* **EXERCISE INSTRUCTIONS**
Out of the data below, copy every line with the string "lambda".

[Stored data]
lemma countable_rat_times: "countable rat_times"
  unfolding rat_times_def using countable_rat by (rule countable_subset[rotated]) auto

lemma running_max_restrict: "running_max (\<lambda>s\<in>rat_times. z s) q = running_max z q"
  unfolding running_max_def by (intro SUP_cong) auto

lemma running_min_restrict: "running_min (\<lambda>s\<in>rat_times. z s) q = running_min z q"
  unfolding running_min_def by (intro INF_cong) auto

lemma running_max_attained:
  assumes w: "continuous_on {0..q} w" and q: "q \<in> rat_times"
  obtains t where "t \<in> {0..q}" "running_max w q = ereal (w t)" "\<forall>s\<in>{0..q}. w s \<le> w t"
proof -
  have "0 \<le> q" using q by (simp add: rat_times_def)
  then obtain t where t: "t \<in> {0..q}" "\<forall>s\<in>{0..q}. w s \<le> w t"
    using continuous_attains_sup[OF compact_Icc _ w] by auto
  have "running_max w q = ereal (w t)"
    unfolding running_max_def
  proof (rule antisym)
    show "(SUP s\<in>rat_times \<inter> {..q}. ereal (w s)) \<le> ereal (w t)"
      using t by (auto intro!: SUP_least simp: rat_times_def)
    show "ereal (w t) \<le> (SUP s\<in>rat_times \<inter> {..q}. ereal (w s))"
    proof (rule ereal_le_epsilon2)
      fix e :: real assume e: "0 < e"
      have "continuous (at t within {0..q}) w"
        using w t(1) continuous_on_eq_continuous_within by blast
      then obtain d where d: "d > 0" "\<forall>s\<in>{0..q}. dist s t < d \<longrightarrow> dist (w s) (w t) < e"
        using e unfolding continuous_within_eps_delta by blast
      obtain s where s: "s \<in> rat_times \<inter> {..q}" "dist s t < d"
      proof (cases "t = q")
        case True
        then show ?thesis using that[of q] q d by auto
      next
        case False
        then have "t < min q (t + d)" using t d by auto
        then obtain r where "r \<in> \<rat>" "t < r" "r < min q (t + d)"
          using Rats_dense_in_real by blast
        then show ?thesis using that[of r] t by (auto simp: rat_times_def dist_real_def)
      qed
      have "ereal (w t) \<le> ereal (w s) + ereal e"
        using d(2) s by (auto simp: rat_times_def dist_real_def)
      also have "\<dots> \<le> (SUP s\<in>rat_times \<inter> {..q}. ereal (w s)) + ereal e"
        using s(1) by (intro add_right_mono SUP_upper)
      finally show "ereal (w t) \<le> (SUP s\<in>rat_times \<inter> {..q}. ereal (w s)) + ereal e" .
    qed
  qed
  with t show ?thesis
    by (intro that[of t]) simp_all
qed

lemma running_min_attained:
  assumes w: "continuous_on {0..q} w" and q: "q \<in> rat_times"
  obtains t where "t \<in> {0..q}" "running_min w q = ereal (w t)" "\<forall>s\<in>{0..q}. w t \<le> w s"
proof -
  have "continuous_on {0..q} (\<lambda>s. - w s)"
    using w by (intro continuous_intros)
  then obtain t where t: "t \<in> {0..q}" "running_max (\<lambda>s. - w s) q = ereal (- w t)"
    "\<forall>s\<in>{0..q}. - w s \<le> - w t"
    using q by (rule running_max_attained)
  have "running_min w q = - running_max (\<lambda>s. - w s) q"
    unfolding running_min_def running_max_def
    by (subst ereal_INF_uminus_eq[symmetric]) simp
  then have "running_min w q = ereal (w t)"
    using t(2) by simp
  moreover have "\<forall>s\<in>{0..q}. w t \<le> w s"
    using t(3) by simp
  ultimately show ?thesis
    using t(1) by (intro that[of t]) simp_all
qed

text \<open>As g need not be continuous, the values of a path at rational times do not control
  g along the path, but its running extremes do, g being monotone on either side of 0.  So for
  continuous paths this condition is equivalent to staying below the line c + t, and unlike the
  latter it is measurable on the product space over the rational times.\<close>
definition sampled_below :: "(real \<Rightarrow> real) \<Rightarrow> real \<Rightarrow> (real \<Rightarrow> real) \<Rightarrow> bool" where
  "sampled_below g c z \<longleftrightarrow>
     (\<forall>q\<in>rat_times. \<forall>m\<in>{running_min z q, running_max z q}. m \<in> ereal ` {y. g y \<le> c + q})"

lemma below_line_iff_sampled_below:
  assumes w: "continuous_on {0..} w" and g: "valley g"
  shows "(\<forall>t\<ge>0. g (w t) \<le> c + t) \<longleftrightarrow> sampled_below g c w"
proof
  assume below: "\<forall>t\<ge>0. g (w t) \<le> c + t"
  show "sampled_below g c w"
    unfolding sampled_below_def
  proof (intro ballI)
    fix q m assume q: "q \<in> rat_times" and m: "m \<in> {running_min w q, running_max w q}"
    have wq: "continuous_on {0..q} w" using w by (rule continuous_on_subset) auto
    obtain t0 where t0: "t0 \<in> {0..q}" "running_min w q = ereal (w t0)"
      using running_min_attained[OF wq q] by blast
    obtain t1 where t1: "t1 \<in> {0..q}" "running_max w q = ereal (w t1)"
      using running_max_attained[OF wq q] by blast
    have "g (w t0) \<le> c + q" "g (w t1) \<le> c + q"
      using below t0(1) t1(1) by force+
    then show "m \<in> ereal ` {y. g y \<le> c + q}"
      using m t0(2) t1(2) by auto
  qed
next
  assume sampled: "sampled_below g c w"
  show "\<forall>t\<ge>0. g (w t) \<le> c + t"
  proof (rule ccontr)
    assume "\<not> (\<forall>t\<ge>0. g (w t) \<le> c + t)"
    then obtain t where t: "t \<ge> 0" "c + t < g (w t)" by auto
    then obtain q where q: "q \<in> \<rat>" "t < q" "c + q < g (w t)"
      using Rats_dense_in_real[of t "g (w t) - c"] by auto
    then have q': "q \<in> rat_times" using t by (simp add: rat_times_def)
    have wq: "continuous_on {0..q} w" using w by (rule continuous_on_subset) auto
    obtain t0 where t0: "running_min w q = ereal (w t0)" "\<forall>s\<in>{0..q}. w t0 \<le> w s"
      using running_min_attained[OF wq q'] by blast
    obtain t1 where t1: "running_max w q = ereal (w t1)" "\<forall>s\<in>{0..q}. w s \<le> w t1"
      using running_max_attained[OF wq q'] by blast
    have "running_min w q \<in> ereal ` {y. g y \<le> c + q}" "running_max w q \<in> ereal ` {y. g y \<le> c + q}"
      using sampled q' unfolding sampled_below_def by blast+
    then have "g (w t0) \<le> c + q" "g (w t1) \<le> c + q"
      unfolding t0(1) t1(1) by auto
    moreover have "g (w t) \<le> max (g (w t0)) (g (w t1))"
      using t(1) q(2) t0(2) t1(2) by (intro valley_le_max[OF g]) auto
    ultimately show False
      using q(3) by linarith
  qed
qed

--

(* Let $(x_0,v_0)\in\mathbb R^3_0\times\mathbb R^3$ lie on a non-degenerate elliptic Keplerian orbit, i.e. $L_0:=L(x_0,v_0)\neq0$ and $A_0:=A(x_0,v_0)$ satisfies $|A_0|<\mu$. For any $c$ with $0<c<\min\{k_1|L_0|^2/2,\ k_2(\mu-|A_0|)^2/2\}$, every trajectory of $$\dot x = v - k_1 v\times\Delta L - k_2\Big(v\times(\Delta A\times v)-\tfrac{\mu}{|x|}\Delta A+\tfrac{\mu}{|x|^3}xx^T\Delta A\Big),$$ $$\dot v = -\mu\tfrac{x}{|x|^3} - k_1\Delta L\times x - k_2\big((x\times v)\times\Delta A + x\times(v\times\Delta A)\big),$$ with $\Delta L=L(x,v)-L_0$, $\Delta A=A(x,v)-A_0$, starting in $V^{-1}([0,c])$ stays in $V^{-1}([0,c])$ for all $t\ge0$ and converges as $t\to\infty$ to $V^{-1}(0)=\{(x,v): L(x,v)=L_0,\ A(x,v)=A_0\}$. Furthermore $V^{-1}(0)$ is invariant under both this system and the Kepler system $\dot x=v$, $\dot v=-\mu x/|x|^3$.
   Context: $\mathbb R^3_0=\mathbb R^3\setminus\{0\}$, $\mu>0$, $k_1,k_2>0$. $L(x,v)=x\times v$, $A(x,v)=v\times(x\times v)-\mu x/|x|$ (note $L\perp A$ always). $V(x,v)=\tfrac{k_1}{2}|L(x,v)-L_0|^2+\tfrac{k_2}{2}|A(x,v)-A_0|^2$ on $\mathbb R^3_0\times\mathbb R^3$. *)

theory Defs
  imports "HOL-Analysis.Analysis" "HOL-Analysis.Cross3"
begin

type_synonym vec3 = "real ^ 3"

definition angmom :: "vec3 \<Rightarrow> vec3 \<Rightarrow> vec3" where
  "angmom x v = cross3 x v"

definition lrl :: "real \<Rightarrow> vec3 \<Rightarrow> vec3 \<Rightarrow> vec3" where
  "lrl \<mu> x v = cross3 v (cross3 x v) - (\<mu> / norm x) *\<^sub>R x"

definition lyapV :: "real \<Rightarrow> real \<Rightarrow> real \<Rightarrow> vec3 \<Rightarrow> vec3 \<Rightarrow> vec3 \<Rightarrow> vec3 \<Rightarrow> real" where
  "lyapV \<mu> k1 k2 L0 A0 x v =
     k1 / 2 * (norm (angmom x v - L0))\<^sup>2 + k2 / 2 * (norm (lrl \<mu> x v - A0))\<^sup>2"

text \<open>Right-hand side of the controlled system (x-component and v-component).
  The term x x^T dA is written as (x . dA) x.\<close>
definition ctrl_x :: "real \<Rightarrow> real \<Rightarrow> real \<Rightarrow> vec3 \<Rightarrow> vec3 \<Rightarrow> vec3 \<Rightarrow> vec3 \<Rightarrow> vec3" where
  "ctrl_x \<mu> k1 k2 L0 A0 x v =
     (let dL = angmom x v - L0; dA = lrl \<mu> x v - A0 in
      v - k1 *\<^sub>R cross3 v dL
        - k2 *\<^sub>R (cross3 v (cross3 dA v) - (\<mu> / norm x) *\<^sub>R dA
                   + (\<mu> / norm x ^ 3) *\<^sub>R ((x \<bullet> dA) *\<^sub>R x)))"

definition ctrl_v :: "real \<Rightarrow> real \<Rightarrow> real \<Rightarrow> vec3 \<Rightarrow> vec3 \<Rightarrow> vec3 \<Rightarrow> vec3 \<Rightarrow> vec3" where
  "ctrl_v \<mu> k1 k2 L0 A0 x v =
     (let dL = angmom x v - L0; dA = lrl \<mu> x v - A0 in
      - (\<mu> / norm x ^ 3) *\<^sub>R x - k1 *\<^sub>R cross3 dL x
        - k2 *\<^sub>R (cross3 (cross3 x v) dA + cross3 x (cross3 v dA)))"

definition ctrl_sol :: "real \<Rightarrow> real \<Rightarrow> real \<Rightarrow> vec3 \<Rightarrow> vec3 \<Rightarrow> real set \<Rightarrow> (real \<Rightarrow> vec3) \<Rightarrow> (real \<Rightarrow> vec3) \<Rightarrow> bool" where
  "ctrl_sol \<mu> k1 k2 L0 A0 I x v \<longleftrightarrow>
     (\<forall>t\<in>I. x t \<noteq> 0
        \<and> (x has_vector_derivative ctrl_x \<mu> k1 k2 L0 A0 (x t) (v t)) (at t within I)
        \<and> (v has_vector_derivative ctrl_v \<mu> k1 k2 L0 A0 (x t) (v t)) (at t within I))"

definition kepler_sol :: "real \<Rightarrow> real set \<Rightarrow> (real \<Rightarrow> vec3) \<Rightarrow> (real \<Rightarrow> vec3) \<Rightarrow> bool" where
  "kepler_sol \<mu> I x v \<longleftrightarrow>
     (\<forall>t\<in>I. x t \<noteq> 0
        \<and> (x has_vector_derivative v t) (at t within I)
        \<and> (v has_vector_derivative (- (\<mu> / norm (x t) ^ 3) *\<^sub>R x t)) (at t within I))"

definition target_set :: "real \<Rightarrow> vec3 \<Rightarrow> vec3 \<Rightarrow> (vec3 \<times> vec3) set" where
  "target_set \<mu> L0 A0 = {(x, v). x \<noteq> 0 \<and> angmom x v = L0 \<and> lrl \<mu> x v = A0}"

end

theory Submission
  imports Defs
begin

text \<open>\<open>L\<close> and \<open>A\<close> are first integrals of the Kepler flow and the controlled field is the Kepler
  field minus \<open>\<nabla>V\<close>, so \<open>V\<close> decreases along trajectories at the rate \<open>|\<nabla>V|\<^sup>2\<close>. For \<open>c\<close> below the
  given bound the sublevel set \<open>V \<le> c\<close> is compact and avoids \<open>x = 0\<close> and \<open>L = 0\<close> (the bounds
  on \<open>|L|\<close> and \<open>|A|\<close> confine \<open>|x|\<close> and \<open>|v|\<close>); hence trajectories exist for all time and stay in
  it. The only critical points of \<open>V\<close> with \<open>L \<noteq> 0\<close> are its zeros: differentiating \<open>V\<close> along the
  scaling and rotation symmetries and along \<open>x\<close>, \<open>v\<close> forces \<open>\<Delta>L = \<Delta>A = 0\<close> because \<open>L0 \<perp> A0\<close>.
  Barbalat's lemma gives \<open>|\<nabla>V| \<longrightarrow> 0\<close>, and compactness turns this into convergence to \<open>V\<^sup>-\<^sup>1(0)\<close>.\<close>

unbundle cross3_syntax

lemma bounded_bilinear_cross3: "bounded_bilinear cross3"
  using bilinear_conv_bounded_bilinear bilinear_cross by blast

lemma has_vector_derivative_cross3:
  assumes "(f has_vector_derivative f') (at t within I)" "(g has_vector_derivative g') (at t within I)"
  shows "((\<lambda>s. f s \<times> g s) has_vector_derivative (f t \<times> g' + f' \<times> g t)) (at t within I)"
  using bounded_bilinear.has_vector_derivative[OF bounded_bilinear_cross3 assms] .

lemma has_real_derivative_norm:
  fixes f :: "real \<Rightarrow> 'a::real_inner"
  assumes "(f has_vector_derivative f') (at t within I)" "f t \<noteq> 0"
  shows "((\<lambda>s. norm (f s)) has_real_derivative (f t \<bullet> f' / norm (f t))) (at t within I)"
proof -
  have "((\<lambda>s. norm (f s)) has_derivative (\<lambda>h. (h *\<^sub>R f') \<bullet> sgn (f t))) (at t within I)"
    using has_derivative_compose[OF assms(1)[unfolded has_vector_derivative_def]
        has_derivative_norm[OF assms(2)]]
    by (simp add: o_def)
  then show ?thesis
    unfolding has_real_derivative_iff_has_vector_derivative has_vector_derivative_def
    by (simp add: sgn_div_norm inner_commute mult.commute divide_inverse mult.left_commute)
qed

* **RESPONSE BELOW**
lemma running_max_restrict: "running_max (\<lambda>s\<in>rat_times. z s) q = running_max z q"
lemma running_min_restrict: "running_min (\<lambda>s\<in>rat_times. z s) q = running_min z q"
  have "continuous_on {0..q} (\<lambda>s. - w s)"
  then obtain t where t: "t \<in> {0..q}" "running_max (\<lambda>s. - w s) q = ereal (- w t)"
  have "running_min w q = - running_max (\<lambda>s. - w s) q"
  shows "((\<lambda>s. f s \<times> g s) has_vector_derivative (f t \<times> g' + f' \<times> g t)) (at t within I)"
  shows "((\<lambda>s. norm (f s)) has_real_derivative (f t \<bullet> f' / norm (f t))) (at t within I)"
  have "((\<lambda>s. norm (f s)) has_derivative (\<lambda>h. (h *\<^sub>R f') \<bullet> sgn (f t))) (at t within I)"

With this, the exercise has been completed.